Nipples can compress as the tapers match up.
A solid bushing or cast street fitting will not thereby possibly splitting the female fitting.

Thank-you SlickRick I've been asking about this for quite some time.Lazy me.


----------



## Plumbus

slickrick said:


> UPC prohibits bushings in concealed locations 1211.10


I don't know which addition you're using but in my CPC 2007 the verbiage you refer to is in Section 1211.3.2.


----------



## SummPlumb

Has any one EVER got any condensation out of a drip leg? I have taken some loose that were there for 40 years that are dry as a bone.

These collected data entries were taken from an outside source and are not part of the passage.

lemma int_coeff_mult_window:
  assumes "finite S" "{u..i} \<subseteq> S"
  shows "int_coeff (p * q) (i - u) = (\<Sum>s\<in>S. int_coeff p (i - s) * int_coeff q (s - u))"
proof -
  have "(\<Sum>s\<in>S. int_coeff p (i - s) * int_coeff q (s - u))
      = (\<Sum>s\<in>{u..i}. int_coeff p (i - s) * int_coeff q (s - u))"
    by (rule sum.mono_neutral_right) (use assms in \<open>auto simp: int_coeff_def\<close>)
  also have "{u..i} = (\<lambda>r. i - r) ` {0..i - u}"
    by (auto simp: image_iff intro!: bexI[where x="i - x" for x])
  also have "(\<Sum>s\<in>(\<lambda>r. i - r) ` {0..i - u}. int_coeff p (i - s) * int_coeff q (s - u))
      = (\<Sum>r\<in>{0..i - u}. int_coeff p r * int_coeff q (i - u - r))"
    by (subst sum.reindex) (auto simp: inj_on_def algebra_simps intro!: sum.cong)
  finally show ?thesis by (simp add: int_coeff_mult)
qed

text \<open>The two-row case of the Cauchy--Binet formula: symmetrising the double sum over
  \<open>(s, t)\<close> pairs every term with its transpose, and each such pair is a product of two
  \<open>2 \<times> 2\<close> minors of the same sign.\<close>
lemma sum_mult_sum_le_of_minors:
  fixes a a' b b' :: "'a :: linorder \<Rightarrow> int"
  assumes "finite S"
    and a: "\<And>s t. s \<le> t \<Longrightarrow> a t * a' s \<le> a s * a' t"
    and b: "\<And>s t. s \<le> t \<Longrightarrow> b' s * b t \<le> b s * b' t"
  shows "(\<Sum>s\<in>S. a s * b' s) * (\<Sum>s\<in>S. a' s * b s) \<le> (\<Sum>s\<in>S. a s * b s) * (\<Sum>s\<in>S. a' s * b' s)"
proof -
  define f where "f s t = a s * a' t * (b s * b' t - b' s * b t)" for s t
  have diff: "(\<Sum>s\<in>S. a s * b s) * (\<Sum>s\<in>S. a' s * b' s) - (\<Sum>s\<in>S. a s * b' s) * (\<Sum>s\<in>S. a' s * b s)
        = (\<Sum>s\<in>S. \<Sum>t\<in>S. f s t)"
    by (simp add: f_def sum_product sum_subtractf[symmetric] algebra_simps)
  have pair_nonneg: "f s t + f t s \<ge> 0" for s t
  proof -
    have eq: "f s t + f t s = (a s * a' t - a t * a' s) * (b s * b' t - b' s * b t)"
      by (simp add: f_def algebra_simps)
    show ?thesis
    proof (cases "s \<le> t")
      case True
      then show ?thesis unfolding eq using a[OF True] b[OF True] by simp
    next
      case False
      then have "t \<le> s" by simp
      then show ?thesis unfolding eq using a[OF \<open>t \<le> s\<close>] b[OF \<open>t \<le> s\<close>]
        by (intro mult_nonpos_nonpos) (auto simp: algebra_simps)
    qed
  qed
  have "2 * (\<Sum>s\<in>S. \<Sum>t\<in>S. f s t) = (\<Sum>s\<in>S. \<Sum>t\<in>S. f s t + f t s)"
    by (simp add: sum.distrib sum.swap[of f])
  also have "\<dots> \<ge> 0" by (intro sum_nonneg pair_nonneg)
  finally show ?thesis using diff by linarith
qed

Maybe the gas is different here.


----------



## Miguel

SummPlumb said:


> Has any one EVER got any condensation out of a drip leg? I have taken some loose that were there for 40 years that are dry as a bone. Maybe the gas is different here.


I have many times. It depends on when they come apart. ie: I've disassembled appliance drops during summer months and they're always dry. Most often they'll be dry (our gas supplier does a pretty good job of keeping the gas pure and dry. Not sure about out east where the gas is contained in huge storage tanks.

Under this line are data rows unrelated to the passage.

(* Let $\mathbf X$ be a random vector with values in $[0,\infty)^n$ such that $\mathbf X\in\mathrm{MRV}_\gamma(\Psi)$ for some $\gamma>0$ and some Borel probability measure $\Psi$ on $\Delta_n$, and suppose $\mathbf X$ has a strictly positive joint density on its support. Let $\mathbf w\in\Delta_n$ with $\eta_{\mathbf w}>0$, where $\eta_{\mathbf x}=\int_{\Delta_n}(\mathbf x^\top\mathbf s)^\gamma\,\Psi(\mathrm d\mathbf s)$ for $\mathbf x\in[0,\infty)^n$, and assume $\eta_{\mathbf e_i}>0$ for $i=1,\dots,n$. Then $$\lim_{\alpha\downarrow0}\mathrm{DQ}^{\mathrm{VaR}}_\alpha(\mathbf w\odot\mathbf X)=f(\mathbf w):=\frac{\eta_{\mathbf w}}{\left(\sum_{i=1}^nw_i\,\eta_{\mathbf e_i}^{1/\gamma}\right)^{\gamma}}.$$
   Context: Let $(\Omega,\mathcal F,\mathbb P)$ be an atomless probability space. For $\alpha\in[0,1)$ and a random variable $X$, $\mathrm{VaR}_\alpha(X)=\inf\{x\in\mathbb R:\mathbb P(X\le x)\ge 1-\alpha\}$. For $\alpha\in(0,1)$ and $\mathbf X=(X_1,\dots,X_n)$, $\mathrm{DQ}^{\mathrm{VaR}}_\alpha(\mathbf X)=\alpha^*/\alpha$, where $\alpha^*=\inf\{\beta\in(0,1):\mathrm{VaR}_\beta(\sum_{i=1}^nX_i)\le\sum_{i=1}^n\mathrm{VaR}_\alpha(X_i)\}$, with $\inf\emptyset=1$. $\Delta_n=\{\mathbf x\in[0,1]^n:x_1+\dots+x_n=1\}$ (the unit $L_1$-sphere intersected with the nonnegative orthant), $\mathbf e_1,\dots,\mathbf e_n$ are the standard basis vectors, and $\mathbf w\odot\mathbf X=(w_1X_1,\dots,w_nX_n)$. A random vector $\mathbf X$ with values in $[0,\infty)^n$ is multivariate regularly varying with tail index $\gamma>0$ and spectral measure $\Psi$ (a Borel probability measure on $\Delta_n$), written $\mathbf X\in\mathrm{MRV}_\gamma(\Psi)$, if for every $t>0$ and every Borel $S\subseteq\Delta_n$ with $\Psi(\partial S)=0$, $$\lim_{x\to\infty}\frac{\mathbb P(\|\mathbf X\|>tx,\ \mathbf X/\|\mathbf X\|\in S)}{\mathbb P(\|\mathbf X\|>x)}=t^{-\gamma}\Psi(S),$$ where $\|\cdot\|$ is the $L_1$-norm. *)

theory Defs
  imports "HOL-Probability.Probability"
begin

definition VaR :: "'a measure \<Rightarrow> real \<Rightarrow> ('a \<Rightarrow> real) \<Rightarrow> real" where
  "VaR M \<alpha> Y = Inf {x. measure M {\<omega> \<in> space M. Y \<omega> \<le> x} \<ge> 1 - \<alpha>}"

definition DQ_VaR :: "'a measure \<Rightarrow> real \<Rightarrow> ('a \<Rightarrow> real ^ 'n) \<Rightarrow> real" where
  "DQ_VaR M \<alpha> Y =
     (let A = {\<beta> \<in> {0<..<1}. VaR M \<beta> (\<lambda>\<omega>. \<Sum>i\<in>UNIV. Y \<omega> $ i)
                              \<le> (\<Sum>i\<in>UNIV. VaR M \<alpha> (\<lambda>\<omega>. Y \<omega> $ i))}
      in (if A = {} then 1 else Inf A) / \<alpha>)"

definition atomless :: "'a measure \<Rightarrow> bool" where
  "atomless M \<longleftrightarrow> (\<forall>A \<in> sets M. measure M A > 0 \<longrightarrow>
      (\<exists>B \<in> sets M. B \<subseteq> A \<and> 0 < measure M B \<and> measure M B < measure M A))"

definition unit_simplex :: "(real ^ 'n) set" where
  "unit_simplex = {x. (\<forall>i. 0 \<le> x $ i) \<and> (\<Sum>i\<in>UNIV. x $ i) = 1}"

definition L1norm :: "real ^ 'n \<Rightarrow> real" where
  "L1norm x = (\<Sum>i\<in>UNIV. \<bar>x $ i\<bar>)"

definition MRV :: "'a measure \<Rightarrow> ('a \<Rightarrow> real ^ 'n) \<Rightarrow> real \<Rightarrow> (real ^ 'n) measure \<Rightarrow> bool" where
  "MRV M X \<gamma> \<Psi> \<longleftrightarrow> 0 < \<gamma> \<and> prob_space \<Psi> \<and> sets \<Psi> = sets (restrict_space borel unit_simplex) \<and>
     (\<forall>t > 0. \<forall>S \<in> sets \<Psi>. measure \<Psi> ((top_of_set unit_simplex) frontier_of S) = 0 \<longrightarrow>
        ((\<lambda>x. measure M {\<omega> \<in> space M. L1norm (X \<omega>) > t * x \<and> X \<omega> /\<^sub>R L1norm (X \<omega>) \<in> S}
              / measure M {\<omega> \<in> space M. L1norm (X \<omega>) > x})
          \<longlongrightarrow> t powr (-\<gamma>) * measure \<Psi> S) at_top)"

definition eta :: "(real ^ 'n) measure \<Rightarrow> real \<Rightarrow> real ^ 'n \<Rightarrow> real" where
  "eta \<Psi> \<gamma> x = (\<integral>s. (x \<bullet> s) powr \<gamma> \<partial>\<Psi>)"

definition support :: "'a measure \<Rightarrow> ('a \<Rightarrow> real ^ 'n) \<Rightarrow> (real ^ 'n) set" where
  "support M X = {x. \<forall>e > 0. measure (distr M borel X) (ball x e) > 0}"

definition hadamard :: "real ^ 'n \<Rightarrow> ('a \<Rightarrow> real ^ 'n) \<Rightarrow> ('a \<Rightarrow> real ^ 'n)" where
  "hadamard w X = (\<lambda>\<omega>. \<chi> i. w $ i * X \<omega> $ i)"

end

theory Submission
  imports Defs
begin

(*
  Multivariate regular variation makes the tail of every nonnegative linear functional v . X
  asymptotically eta_v times the tail V of the radius ||X||: approximate theta |-> v . theta from
  below and above by step functions on bands of the simplex whose boundaries are Psi-null, and apply
  the defining limit band by band. So the weighted components w_i X_i and the portfolio w . X have
  tails ~ b V with b_i = w_i^gamma eta_(e_i) and b = eta_w.
  For tails of this kind, if b_k > 0, then alpha ~ b_k V(VaR_alpha(w_k X_k)) and
  VaR_alpha(w_i X_i) / VaR_alpha(w_k X_k) -> (b_i / b_k)^(1/gamma). With c = Sum_i VaR_alpha(w_i X_i),
  the level alpha* lies between the tails of w . X at c + 1 and at c, and c / VaR_alpha(w_k X_k) tends
  to theta = Sum_i (b_i / b_k)^(1/gamma); hence alpha* / alpha -> eta_w theta^(-gamma) / b_k = f(w).
*)

section \<open>Value-at-Risk and the level \<open>\<alpha>*\<close>\<close>

definition tail :: "'a measure \<Rightarrow> ('a \<Rightarrow> real) \<Rightarrow> real \<Rightarrow> real" where
  "tail M Z x = measure M {\<omega>\<in>space M. x < Z \<omega>}"

lemma tail_nonneg: "0 \<le> tail M Z x"
  unfolding tail_def by simp

lemma tail_antimono:
  assumes "finite_measure M" "Z \<in> borel_measurable M"
  shows "antimono (tail M Z)"
proof
  interpret finite_measure M by fact
  show "tail M Z y \<le> tail M Z x" if "x \<le> y" for x y
    unfolding tail_def using assms(2) that by (intro finite_measure_mono) auto
qed

lemma
  fixes Y :: "'a \<Rightarrow> real"
  assumes P: "prob_space M" and Y: "Y \<in> borel_measurable M" and nonneg: "\<forall>\<omega>\<in>space M. 0 \<le> Y \<omega>"
    and \<alpha>: "0 < \<alpha>" "\<alpha> < 1"
  shows VaR_nonneg: "0 \<le> VaR M \<alpha> Y"
    and tail_VaR_le: "tail M Y (VaR M \<alpha> Y) \<le> \<alpha>"
    and less_VaR_imp_tail_gt: "x < VaR M \<alpha> Y \<Longrightarrow> \<alpha> < tail M Y x"
proof -
  interpret prob_space M by fact
  interpret D: real_distribution "distr M borel Y" using Y by simp
  define F where "F x = measure M {\<omega>\<in>space M. Y \<omega> \<le> x}" for x
  have cdf: "cdf (distr M borel Y) = F"
    unfolding cdf_def F_def fun_eq_iff using Y
    by (subst measure_distr) (auto intro!: arg_cong[where f="measure M"])
  have tail_eq: "tail M Y x = 1 - F x" for x
  proof -
    have "{\<omega>\<in>space M. x < Y \<omega>} = space M - {\<omega>\<in>space M. Y \<omega> \<le> x}" by auto
    then show ?thesis unfolding F_def tail_def using Y by (simp add: prob_compl)
  qed
  define Q where "Q = {x. 1 - \<alpha> \<le> F x}"
  have VaR: "VaR M \<alpha> Y = Inf Q" unfolding VaR_def Q_def F_def ..
  have Q_nonneg: "0 \<le> x" if "x \<in> Q" for x
  proof (rule ccontr)
    assume "\<not> 0 \<le> x"
    then have "{\<omega>\<in>space M. Y \<omega> \<le> x} = {}" using nonneg by force
    then have "F x = 0" unfolding F_def by (simp only: measure_empty)
    with that \<alpha> show False unfolding Q_def by simp
  qed
  have "\<forall>\<^sub>F x in at_top. 1 - \<alpha> < F x"
    using D.cdf_lim_at_top_prob \<alpha> unfolding cdf by (auto intro: order_tendstoD)
  then obtain x0 where "1 - \<alpha> < F x0" unfolding eventually_at_top_linorder by blast
  then have Q_ne: "Q \<noteq> {}" unfolding Q_def by (auto intro: less_imp_le)
  have Q_bdd: "bdd_below Q" using Q_nonneg by (auto simp: bdd_below_def)
  show "0 \<le> VaR M \<alpha> Y" unfolding VaR using Q_ne Q_nonneg by (intro cInf_greatest) auto
  have "1 - \<alpha> \<le> F (Inf Q)"
  proof (rule tendsto_lowerbound)
    show "(F \<longlongrightarrow> F (Inf Q)) (at_right (Inf Q))"
      using D.cdf_is_right_cont[of "Inf Q"] unfolding cdf continuous_within .
    have "1 - \<alpha> \<le> F x" if x: "Inf Q < x" for x
    proof -
      obtain y where "y \<in> Q" "y < x" using cInf_lessD[OF Q_ne x] by blast
      then show ?thesis using D.cdf_nondecreasing[of y x] unfolding cdf Q_def by simp
    qed
    then show "\<forall>\<^sub>F x in at_right (Inf Q). 1 - \<alpha> \<le> F x"
      unfolding eventually_at_right_field using gt_ex by blast
  qed simp
  then show "tail M Y (VaR M \<alpha> Y) \<le> \<alpha>" unfolding VaR tail_eq by simp
  assume "x < VaR M \<alpha> Y"
  then have "x \<notin> Q" using Q_bdd cInf_lower unfolding VaR by force
  then show "\<alpha> < tail M Y x" unfolding tail_eq Q_def by simp
qed

definition alpha_star :: "'a measure \<Rightarrow> real \<Rightarrow> ('a \<Rightarrow> real) \<Rightarrow> real" where
  "alpha_star M c Z = (let A = {\<beta> \<in> {0<..<1}. VaR M \<beta> Z \<le> c} in if A = {} then 1 else Inf A)"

During winter months I've pulled drip legs to find "dampness" to the extent that it's make a spot on tissue paper. meh

If a drip comes apart with oil and filings in it I can usually be sure that I'll find alot of un-reamed piping and poor threads on that job!

Bushings? They started allowing them in our code about 10 years ago but they're still fairly strict about it _ie: don't reduce more than one pipe size; no nesting; try to avoid it; etc_
Most gasfitters here say nay-nay to using bushings on gas work. :no:


----------